### PROVIDED ENTRIES

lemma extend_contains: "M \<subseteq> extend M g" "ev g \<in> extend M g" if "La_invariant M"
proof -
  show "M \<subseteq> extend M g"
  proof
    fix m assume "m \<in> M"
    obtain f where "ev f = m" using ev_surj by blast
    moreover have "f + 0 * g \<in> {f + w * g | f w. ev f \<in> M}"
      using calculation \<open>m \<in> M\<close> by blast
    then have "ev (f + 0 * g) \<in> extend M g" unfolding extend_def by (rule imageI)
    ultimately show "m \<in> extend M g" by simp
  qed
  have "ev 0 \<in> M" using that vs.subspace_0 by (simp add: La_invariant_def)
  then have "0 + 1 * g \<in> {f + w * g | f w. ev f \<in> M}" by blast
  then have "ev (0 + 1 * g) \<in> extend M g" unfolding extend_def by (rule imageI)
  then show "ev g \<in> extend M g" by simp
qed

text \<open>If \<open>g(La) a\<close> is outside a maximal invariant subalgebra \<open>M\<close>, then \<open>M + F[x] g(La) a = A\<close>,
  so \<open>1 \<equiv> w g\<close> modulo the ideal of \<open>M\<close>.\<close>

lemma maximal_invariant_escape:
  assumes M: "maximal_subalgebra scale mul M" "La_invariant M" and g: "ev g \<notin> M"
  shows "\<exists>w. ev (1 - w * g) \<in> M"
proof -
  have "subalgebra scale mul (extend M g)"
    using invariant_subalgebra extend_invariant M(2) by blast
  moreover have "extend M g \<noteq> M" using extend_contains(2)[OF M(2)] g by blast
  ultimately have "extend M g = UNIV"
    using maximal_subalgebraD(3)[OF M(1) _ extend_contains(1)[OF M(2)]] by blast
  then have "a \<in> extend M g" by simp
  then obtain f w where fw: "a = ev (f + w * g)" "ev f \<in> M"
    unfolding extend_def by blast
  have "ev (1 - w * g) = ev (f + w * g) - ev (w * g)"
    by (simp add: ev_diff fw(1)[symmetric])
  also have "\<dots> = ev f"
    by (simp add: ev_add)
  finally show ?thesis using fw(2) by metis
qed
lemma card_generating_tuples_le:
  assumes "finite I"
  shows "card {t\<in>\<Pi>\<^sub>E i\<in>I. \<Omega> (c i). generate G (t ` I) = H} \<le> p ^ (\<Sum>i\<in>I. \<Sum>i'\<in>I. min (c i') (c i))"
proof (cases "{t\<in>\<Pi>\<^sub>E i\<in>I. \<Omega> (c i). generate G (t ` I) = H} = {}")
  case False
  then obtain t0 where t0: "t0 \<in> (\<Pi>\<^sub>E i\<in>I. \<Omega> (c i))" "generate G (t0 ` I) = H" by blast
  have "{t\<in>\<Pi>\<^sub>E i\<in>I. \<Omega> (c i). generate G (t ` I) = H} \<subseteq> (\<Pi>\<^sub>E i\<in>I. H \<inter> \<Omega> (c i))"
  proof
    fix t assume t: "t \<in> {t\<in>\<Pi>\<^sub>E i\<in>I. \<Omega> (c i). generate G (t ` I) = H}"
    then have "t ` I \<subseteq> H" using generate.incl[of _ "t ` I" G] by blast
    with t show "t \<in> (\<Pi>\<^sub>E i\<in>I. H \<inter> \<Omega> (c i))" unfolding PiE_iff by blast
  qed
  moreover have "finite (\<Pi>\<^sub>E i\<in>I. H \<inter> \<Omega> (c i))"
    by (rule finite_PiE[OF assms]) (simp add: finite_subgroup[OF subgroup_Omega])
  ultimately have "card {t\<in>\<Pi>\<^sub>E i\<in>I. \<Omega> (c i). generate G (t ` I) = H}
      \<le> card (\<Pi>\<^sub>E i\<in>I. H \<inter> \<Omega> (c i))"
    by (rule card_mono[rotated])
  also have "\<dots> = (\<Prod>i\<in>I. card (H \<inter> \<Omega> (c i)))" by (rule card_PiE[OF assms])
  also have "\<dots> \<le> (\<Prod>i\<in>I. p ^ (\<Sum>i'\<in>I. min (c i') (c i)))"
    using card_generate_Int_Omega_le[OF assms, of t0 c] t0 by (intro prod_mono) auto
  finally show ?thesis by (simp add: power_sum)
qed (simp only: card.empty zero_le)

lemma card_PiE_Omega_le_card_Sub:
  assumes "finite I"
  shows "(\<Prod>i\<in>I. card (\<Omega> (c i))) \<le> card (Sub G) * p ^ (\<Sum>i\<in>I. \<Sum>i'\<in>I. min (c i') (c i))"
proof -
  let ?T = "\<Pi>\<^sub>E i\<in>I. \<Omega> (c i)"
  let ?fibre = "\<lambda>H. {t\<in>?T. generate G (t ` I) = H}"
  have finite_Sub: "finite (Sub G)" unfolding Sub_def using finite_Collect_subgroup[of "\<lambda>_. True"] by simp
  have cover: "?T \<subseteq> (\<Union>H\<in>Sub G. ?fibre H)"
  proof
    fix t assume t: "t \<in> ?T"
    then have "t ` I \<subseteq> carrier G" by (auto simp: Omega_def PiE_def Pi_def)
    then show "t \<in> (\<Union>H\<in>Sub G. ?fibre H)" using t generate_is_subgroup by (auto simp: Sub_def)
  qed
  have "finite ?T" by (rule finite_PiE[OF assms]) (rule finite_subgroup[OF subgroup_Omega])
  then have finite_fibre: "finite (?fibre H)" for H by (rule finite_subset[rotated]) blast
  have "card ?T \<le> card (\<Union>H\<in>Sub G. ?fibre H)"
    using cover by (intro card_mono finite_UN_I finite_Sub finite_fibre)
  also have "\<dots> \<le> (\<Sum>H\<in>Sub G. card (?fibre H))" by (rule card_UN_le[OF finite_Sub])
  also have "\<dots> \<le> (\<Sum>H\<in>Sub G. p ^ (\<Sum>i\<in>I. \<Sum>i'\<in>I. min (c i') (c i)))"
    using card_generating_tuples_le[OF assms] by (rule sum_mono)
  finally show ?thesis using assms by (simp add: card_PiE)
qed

######
### PROVIDED ENTRIES

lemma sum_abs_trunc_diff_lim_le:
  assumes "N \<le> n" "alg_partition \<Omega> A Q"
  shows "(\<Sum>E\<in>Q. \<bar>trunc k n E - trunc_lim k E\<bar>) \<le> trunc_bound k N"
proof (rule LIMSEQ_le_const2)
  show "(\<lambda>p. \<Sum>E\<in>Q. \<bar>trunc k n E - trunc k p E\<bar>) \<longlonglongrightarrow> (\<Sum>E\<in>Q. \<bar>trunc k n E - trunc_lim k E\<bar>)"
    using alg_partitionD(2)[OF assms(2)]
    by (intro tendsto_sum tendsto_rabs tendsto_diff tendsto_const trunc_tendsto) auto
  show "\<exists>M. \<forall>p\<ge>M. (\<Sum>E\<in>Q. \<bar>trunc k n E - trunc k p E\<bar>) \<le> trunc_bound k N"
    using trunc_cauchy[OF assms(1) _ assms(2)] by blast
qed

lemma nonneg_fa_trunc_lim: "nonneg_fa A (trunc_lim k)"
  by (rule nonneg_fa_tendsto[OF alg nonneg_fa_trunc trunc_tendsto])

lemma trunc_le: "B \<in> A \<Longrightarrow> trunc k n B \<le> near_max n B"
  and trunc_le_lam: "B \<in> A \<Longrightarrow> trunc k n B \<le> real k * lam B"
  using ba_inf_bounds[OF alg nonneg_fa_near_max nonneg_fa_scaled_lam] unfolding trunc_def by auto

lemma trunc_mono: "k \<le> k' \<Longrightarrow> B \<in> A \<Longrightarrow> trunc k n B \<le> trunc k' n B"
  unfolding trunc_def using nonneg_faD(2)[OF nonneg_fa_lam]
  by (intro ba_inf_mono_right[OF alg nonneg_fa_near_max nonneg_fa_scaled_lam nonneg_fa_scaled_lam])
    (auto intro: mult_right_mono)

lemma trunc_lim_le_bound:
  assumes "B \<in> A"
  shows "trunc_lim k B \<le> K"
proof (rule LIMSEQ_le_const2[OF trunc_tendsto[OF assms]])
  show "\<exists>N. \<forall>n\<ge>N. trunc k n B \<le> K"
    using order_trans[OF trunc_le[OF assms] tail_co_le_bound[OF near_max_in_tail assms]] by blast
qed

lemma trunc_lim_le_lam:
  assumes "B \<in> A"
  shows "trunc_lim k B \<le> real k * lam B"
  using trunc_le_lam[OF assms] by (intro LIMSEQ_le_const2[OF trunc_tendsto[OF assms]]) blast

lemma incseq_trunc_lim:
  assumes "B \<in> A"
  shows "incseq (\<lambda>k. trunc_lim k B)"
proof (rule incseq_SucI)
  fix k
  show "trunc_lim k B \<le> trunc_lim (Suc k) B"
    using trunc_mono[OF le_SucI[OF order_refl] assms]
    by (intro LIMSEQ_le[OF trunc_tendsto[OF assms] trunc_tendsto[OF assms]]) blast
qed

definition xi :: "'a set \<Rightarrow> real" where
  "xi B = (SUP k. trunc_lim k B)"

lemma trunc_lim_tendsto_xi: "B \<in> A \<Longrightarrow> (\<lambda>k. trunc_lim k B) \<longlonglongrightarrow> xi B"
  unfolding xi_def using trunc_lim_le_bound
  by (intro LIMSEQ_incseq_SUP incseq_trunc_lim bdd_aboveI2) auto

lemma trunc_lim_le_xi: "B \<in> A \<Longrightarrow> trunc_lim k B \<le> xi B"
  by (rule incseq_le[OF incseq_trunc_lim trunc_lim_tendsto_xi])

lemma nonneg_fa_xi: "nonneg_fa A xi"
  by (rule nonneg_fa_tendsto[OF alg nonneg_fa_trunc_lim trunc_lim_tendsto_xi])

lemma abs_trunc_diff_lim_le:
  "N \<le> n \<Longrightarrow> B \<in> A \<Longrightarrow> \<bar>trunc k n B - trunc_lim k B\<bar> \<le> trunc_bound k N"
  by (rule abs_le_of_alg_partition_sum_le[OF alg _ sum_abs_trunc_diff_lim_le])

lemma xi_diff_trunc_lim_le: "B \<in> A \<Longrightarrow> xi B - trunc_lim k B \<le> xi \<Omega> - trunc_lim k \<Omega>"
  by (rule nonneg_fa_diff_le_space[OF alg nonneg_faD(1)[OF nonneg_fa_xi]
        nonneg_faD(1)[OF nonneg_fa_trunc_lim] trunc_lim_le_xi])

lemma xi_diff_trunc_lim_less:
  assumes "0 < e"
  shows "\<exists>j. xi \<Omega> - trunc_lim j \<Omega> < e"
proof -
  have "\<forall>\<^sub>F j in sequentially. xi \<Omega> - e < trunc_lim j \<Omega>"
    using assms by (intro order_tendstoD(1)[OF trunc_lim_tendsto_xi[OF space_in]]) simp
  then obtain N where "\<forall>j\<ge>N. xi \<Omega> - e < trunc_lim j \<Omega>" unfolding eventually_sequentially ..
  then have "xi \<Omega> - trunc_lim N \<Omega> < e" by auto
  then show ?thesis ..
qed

######

• _AIM OF THE EXERCISE_
Only the lines that hold the word "Union" are wanted; each should be pulled from the records.

• _ANSWER SECTION_
  have cover: "?T \<subseteq> (\<Union>H\<in>Sub G. ?fibre H)"
    then show "t \<in> (\<Union>H\<in>Sub G. ?fibre H)" using t generate_is_subgroup by (auto simp: Sub_def)
  have "card ?T \<le> card (\<Union>H\<in>Sub G. ?fibre H)"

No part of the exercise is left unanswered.